[Stored data]
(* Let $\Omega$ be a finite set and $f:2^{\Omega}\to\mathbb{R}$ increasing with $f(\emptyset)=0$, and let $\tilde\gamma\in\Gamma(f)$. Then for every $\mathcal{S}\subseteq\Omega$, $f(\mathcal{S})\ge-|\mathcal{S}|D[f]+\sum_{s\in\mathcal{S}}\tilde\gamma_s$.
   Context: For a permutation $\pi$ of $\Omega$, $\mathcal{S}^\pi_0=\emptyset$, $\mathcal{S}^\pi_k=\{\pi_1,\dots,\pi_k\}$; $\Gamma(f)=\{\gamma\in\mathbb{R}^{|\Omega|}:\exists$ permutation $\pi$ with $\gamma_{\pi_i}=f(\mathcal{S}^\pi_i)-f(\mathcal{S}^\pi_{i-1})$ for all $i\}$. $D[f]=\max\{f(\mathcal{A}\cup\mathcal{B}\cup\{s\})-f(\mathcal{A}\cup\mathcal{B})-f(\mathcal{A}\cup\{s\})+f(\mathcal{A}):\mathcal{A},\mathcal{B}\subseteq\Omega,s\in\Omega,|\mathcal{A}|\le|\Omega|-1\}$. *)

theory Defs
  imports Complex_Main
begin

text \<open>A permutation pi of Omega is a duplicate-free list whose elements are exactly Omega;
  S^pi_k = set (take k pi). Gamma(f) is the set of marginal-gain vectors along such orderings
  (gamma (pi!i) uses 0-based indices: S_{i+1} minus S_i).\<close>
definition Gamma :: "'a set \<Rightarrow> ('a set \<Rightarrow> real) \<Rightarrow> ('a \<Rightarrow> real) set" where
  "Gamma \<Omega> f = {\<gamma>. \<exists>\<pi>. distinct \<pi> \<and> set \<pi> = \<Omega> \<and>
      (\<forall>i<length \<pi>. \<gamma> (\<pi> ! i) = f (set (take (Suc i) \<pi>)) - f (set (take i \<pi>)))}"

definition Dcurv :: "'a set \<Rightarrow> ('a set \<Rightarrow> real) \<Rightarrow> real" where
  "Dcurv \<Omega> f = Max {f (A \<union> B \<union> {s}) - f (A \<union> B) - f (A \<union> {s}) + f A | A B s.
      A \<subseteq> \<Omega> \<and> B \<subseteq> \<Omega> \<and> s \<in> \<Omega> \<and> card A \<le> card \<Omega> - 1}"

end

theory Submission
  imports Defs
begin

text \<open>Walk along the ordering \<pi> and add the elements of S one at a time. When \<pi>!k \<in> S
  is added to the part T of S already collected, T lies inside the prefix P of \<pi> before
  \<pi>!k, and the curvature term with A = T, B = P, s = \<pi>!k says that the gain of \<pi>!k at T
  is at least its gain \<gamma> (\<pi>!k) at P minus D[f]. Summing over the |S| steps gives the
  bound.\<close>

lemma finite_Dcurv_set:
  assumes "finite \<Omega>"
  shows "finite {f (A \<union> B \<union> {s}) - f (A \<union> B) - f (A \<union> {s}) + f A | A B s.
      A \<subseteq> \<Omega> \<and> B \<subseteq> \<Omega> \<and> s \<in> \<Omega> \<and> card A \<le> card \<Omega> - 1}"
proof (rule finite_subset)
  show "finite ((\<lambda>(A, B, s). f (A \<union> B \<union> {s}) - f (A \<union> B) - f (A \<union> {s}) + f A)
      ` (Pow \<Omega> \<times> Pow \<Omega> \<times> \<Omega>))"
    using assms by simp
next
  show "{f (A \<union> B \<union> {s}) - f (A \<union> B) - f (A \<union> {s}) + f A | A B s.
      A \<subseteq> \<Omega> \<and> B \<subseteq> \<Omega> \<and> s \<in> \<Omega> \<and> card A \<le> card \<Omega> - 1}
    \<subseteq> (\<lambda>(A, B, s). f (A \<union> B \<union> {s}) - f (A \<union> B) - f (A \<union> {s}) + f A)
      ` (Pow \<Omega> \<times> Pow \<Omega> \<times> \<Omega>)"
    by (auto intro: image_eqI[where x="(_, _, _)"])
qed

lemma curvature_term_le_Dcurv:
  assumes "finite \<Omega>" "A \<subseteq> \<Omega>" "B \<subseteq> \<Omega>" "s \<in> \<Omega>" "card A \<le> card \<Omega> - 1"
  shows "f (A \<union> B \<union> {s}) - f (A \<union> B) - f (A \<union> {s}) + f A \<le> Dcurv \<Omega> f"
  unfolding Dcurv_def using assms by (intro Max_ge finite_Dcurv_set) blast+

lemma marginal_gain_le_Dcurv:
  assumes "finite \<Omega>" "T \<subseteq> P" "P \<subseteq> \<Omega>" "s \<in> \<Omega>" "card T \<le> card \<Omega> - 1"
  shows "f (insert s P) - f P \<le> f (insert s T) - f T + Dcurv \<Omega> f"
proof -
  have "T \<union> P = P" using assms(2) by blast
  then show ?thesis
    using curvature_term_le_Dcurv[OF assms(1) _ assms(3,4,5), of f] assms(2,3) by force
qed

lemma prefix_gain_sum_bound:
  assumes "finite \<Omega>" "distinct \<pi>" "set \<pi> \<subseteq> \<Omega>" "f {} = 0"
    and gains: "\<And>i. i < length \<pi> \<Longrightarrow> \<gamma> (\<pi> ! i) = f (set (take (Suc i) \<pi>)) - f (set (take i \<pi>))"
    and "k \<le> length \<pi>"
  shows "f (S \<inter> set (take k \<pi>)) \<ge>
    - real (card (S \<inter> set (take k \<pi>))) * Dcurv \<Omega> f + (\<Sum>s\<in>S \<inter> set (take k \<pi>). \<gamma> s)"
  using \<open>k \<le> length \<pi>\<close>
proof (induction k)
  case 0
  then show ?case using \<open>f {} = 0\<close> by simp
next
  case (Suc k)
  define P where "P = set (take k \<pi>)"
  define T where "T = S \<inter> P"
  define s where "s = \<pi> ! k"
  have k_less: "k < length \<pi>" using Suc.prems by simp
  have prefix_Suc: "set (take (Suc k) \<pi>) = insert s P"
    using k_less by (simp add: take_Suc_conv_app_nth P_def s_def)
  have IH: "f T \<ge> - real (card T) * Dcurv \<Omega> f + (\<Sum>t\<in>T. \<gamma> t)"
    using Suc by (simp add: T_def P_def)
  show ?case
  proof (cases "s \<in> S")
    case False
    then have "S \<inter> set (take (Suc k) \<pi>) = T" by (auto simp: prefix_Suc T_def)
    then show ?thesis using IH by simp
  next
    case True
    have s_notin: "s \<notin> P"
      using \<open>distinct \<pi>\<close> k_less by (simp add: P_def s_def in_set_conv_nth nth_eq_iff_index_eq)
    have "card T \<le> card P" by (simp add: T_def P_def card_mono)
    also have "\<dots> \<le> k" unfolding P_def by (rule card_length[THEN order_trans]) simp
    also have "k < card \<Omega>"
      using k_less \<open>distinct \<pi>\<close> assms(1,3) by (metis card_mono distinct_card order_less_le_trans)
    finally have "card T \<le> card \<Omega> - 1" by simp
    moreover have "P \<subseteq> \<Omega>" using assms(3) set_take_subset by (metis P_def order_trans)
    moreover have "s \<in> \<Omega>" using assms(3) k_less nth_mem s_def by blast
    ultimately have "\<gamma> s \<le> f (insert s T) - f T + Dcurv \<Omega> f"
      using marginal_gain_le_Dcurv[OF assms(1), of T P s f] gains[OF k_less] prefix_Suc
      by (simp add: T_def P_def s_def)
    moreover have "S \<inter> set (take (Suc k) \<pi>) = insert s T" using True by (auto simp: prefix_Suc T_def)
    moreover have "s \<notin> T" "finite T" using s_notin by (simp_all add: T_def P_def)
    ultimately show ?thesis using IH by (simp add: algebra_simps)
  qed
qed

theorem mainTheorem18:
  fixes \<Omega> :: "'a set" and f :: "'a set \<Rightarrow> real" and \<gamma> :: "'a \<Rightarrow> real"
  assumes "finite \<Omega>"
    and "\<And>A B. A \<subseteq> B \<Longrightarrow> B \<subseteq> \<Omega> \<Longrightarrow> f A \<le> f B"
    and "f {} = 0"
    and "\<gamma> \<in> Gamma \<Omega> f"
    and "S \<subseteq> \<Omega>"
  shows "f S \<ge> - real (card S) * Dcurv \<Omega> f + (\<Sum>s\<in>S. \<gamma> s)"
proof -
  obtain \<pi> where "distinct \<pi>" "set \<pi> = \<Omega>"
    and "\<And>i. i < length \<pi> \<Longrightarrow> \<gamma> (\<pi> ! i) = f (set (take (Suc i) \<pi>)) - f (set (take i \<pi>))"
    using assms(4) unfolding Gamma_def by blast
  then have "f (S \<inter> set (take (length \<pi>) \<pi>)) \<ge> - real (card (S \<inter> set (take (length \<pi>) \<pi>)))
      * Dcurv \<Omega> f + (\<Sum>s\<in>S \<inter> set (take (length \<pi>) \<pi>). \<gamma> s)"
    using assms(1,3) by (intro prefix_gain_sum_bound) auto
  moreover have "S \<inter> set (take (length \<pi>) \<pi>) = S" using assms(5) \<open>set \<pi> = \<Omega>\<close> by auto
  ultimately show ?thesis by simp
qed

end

[Exercise prompt]: Only lines that contain the string "times" count; pick each one out of the records and copy it.

[Your solution]:
      ` (Pow \<Omega> \<times> Pow \<Omega> \<times> \<Omega>))"
      ` (Pow \<Omega> \<times> Pow \<Omega> \<times> \<Omega>)"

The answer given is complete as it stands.